*** DATASET CONTENT Section Begins ***

definition fs_constraints ::
  "'n set \<Rightarrow> 'n set \<Rightarrow> ('n \<times> 'n) set \<Rightarrow> nat \<Rightarrow> nat \<Rightarrow> nat \<Rightarrow>
   ('n \<Rightarrow> 'n \<Rightarrow> real) \<Rightarrow> ('n \<Rightarrow> 'n \<Rightarrow> real) \<Rightarrow>
   (nat \<Rightarrow> 'n \<Rightarrow> 'n \<Rightarrow> real) \<Rightarrow> (nat \<Rightarrow> 'n \<Rightarrow> 'n \<Rightarrow> real) \<Rightarrow>
   (nat \<Rightarrow> 'n \<Rightarrow> real) \<Rightarrow> (nat \<Rightarrow> 'n \<Rightarrow> real) \<Rightarrow> bool" where
  "fs_constraints NRV NSV E T bbar ybar z0 b0 z b yp ym \<longleftrightarrow>
     (\<forall>t\<in>{1..T}. \<forall>i\<in>NRV.
        (\<Sum>(i',j)\<in>{e\<in>E. fst e = i}. b t i' j)
          = (\<Sum>(j,i')\<in>{e\<in>E. snd e = i}. b (t - 1) j i')
            + yval NRV NSV yp t i - yval NRV NSV ym t i) \<and>
     (\<forall>t\<in>{1..T}. \<forall>i\<in>NRV.
        (\<Sum>(i',j)\<in>{e\<in>E. fst e = i}. z t i' j)
          = (\<Sum>(j,i')\<in>{e\<in>E. snd e = i}. z (t - 1) j i')) \<and>
     (\<forall>t\<in>{0..T}. \<forall>(i,j)\<in>E. 0 \<le> b t i j \<and> b t i j \<le> real bbar * z t i j) \<and>
     (\<forall>(i,j)\<in>E. b 0 i j = b0 i j \<and> z 0 i j = z0 i j) \<and>
     (\<forall>t\<in>{1..T}. \<forall>i\<in>NSV \<inter> NRV.
        0 \<le> yp t i \<and> yp t i \<le> real ybar \<and> 0 \<le> ym t i \<and> ym t i \<le> real ybar)"

definition by_integral ::
  "'n set \<Rightarrow> 'n set \<Rightarrow> ('n \<times> 'n) set \<Rightarrow> nat \<Rightarrow>
   (nat \<Rightarrow> 'n \<Rightarrow> 'n \<Rightarrow> real) \<Rightarrow> (nat \<Rightarrow> 'n \<Rightarrow> real) \<Rightarrow> (nat \<Rightarrow> 'n \<Rightarrow> real) \<Rightarrow> bool" where
  "by_integral NRV NSV E T b yp ym \<longleftrightarrow>
     (\<forall>t\<in>{0..T}. \<forall>(i,j)\<in>E. b t i j \<in> \<int>) \<and>
     (\<forall>t\<in>{1..T}. \<forall>i\<in>NSV \<inter> NRV. yp t i \<in> \<int> \<and> ym t i \<in> \<int>)"

definition fs_objective ::
  "'n set \<Rightarrow> 'n set \<Rightarrow> ('n \<times> 'n) set \<Rightarrow> nat \<Rightarrow> nat \<Rightarrow>
   (nat \<Rightarrow> 'n \<Rightarrow> 'n \<Rightarrow> real) \<Rightarrow> (nat \<Rightarrow> 'n \<Rightarrow> real) \<Rightarrow>
   real \<Rightarrow> (nat \<Rightarrow> 'n \<Rightarrow> int \<Rightarrow> real) \<Rightarrow>
   (nat \<Rightarrow> 'n \<Rightarrow> 'n \<Rightarrow> real) \<Rightarrow> (nat \<Rightarrow> 'n \<Rightarrow> real) \<Rightarrow> (nat \<Rightarrow> 'n \<Rightarrow> real) \<Rightarrow> real" where
  "fs_objective NRV NSV E T ybar c r th0 th z yp ym =
     (\<Sum>t\<in>{1..T}. (\<Sum>(i,j)\<in>E. c t i j * z t i j)
                 + (\<Sum>i\<in>NSV \<inter> NRV. r t i * (yp t i + ym t i)))
   + (th0 + (\<Sum>t\<in>{1..T}. \<Sum>i\<in>NSV \<inter> NRV. Vpl ybar (th t i) (ym t i - yp t i)))"

end
(* Let $d\ge 1$ and let $(f_0, f_1, \ldots, f_{d-1})$ be a finite sequence of integers with $f_i > 0$ for all $i$. Put $f_{-1}=1$. The following conditions are equivalent: (i) there is a pure quasi-forest $\Delta$ of dimension $d-1$ with $f(\Delta) = (f_0, \ldots, f_{d-1})$; (ii) there is a pure forest $\Delta$ of dimension $d-1$ with $f(\Delta) = (f_0, \ldots, f_{d-1})$; (iii) the integers $c_0,\ldots,c_d$ defined by $\sum_{i=0}^{d} f_{i-1}(x-1)^{i} = \sum_{i=0}^{d} c_i x^i$ satisfy $\sum_{i=k}^{d} c_i > 0$ for each $1 \le k \le d$ and $c_i \le 0$ for each $1 \le i < d$; (iv) the integers $b_1,\ldots,b_d$ defined by $\sum_{i=1}^{d} f_{i-1}(x-1)^{i-1} = \sum_{i=1}^{d} b_i x^{i-1}$ satisfy $0 < b_1 \le b_2 \le \cdots \le b_d$.
   Context: A simplicial complex $\Delta$ on $[n]=\{1,\ldots,n\}$ is a collection of subsets of $[n]$ such that $\{i\}\in\Delta$ for every $i\in[n]$ and $G\subset F\in\Delta$ implies $G\in\Delta$. If $d=\max\{|F|:F\in\Delta\}$, then $\dim\Delta=d-1$. Facets are maximal faces; $\Delta$ is pure if all facets have the same cardinality. The $f$-vector is $f(\Delta)=(f_0,\ldots,f_{d-1})$, where $f_i$ is the number of faces with $i+1$ elements. For facets $F_{i_1},\ldots,F_{i_q}$, $\langle F_{i_1},\ldots,F_{i_q}\rangle$ denotes the subcomplex of all faces contained in some $F_{i_j}$. A facet $F$ of $\Delta$ is a leaf if there is a facet $G\neq F$ (a branch of $F$) with $H\cap F\subset G\cap F$ for all facets $H\neq F$. A quasi-forest is a simplicial complex whose facets admit an ordering $F_1,\ldots,F_s$ (a leaf order) such that for each $1<j\le s$, $F_j$ is a leaf of $\langle F_1,\ldots,F_j\rangle$. A forest is a simplicial complex such that for every nonempty subset $\{F_{i_1},\ldots,F_{i_q}\}$ of its facets, $\langle F_{i_1},\ldots,F_{i_q}\rangle$ has a leaf. (A complex with a single facet is regarded as a quasi-forest and forest.) *)

theory Defs
  imports "HOL-Computational_Algebra.Polynomial"
begin

definition simplicial_complex :: "nat \<Rightarrow> nat set set \<Rightarrow> bool" where
  "simplicial_complex n \<Delta> \<longleftrightarrow>
     (\<forall>F\<in>\<Delta>. F \<subseteq> {1..n}) \<and>
     (\<forall>i\<in>{1..n}. {i} \<in> \<Delta>) \<and>
     (\<forall>F\<in>\<Delta>. \<forall>G. G \<subseteq> F \<longrightarrow> G \<in> \<Delta>)"

definition facets :: "'a set set \<Rightarrow> 'a set set" where
  "facets \<Delta> = {F \<in> \<Delta>. \<forall>G\<in>\<Delta>. F \<subseteq> G \<longrightarrow> G = F}"

definition pure :: "'a set set \<Rightarrow> bool" where
  "pure \<Delta> \<longleftrightarrow> (\<forall>F\<in>facets \<Delta>. \<forall>G\<in>facets \<Delta>. card F = card G)"

text \<open>dim \<Delta> = d - 1 where d is the maximal cardinality of a face; we state
  it via d = max face cardinality.\<close>
definition max_face_card :: "'a set set \<Rightarrow> nat" where
  "max_face_card \<Delta> = Max (card ` \<Delta>)"

definition fnum :: "'a set set \<Rightarrow> nat \<Rightarrow> nat" where
  "fnum \<Delta> i = card {F \<in> \<Delta>. card F = i + 1}"

definition gen_complex :: "'a set set \<Rightarrow> 'a set set" where
  "gen_complex S = {G. \<exists>F\<in>S. G \<subseteq> F}"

*** DATASET CONTENT Section Ends ***

Above are records; repeat only the lines starting at the line with "real \<Rightarrow> (nat" and ending at the line with "(* Let $d\ge", exactly as they appear, both included.

OUTPUT OF THE TASK:
   real \<Rightarrow> (nat \<Rightarrow> 'n \<Rightarrow> int \<Rightarrow> real) \<Rightarrow>
   (nat \<Rightarrow> 'n \<Rightarrow> 'n \<Rightarrow> real) \<Rightarrow> (nat \<Rightarrow> 'n \<Rightarrow> real) \<Rightarrow> (nat \<Rightarrow> 'n \<Rightarrow> real) \<Rightarrow> real" where
  "fs_objective NRV NSV E T ybar c r th0 th z yp ym =
     (\<Sum>t\<in>{1..T}. (\<Sum>(i,j)\<in>E. c t i j * z t i j)
                 + (\<Sum>i\<in>NSV \<inter> NRV. r t i * (yp t i + ym t i)))
   + (th0 + (\<Sum>t\<in>{1..T}. \<Sum>i\<in>NSV \<inter> NRV. Vpl ybar (th t i) (ym t i - yp t i)))"

end
(* Let $d\ge 1$ and let $(f_0, f_1, \ldots, f_{d-1})$ be a finite sequence of integers with $f_i > 0$ for all $i$. Put $f_{-1}=1$. The following conditions are equivalent: (i) there is a pure quasi-forest $\Delta$ of dimension $d-1$ with $f(\Delta) = (f_0, \ldots, f_{d-1})$; (ii) there is a pure forest $\Delta$ of dimension $d-1$ with $f(\Delta) = (f_0, \ldots, f_{d-1})$; (iii) the integers $c_0,\ldots,c_d$ defined by $\sum_{i=0}^{d} f_{i-1}(x-1)^{i} = \sum_{i=0}^{d} c_i x^i$ satisfy $\sum_{i=k}^{d} c_i > 0$ for each $1 \le k \le d$ and $c_i \le 0$ for each $1 \le i < d$; (iv) the integers $b_1,\ldots,b_d$ defined by $\sum_{i=1}^{d} f_{i-1}(x-1)^{i-1} = \sum_{i=1}^{d} b_i x^{i-1}$ satisfy $0 < b_1 \le b_2 \le \cdots \le b_d$.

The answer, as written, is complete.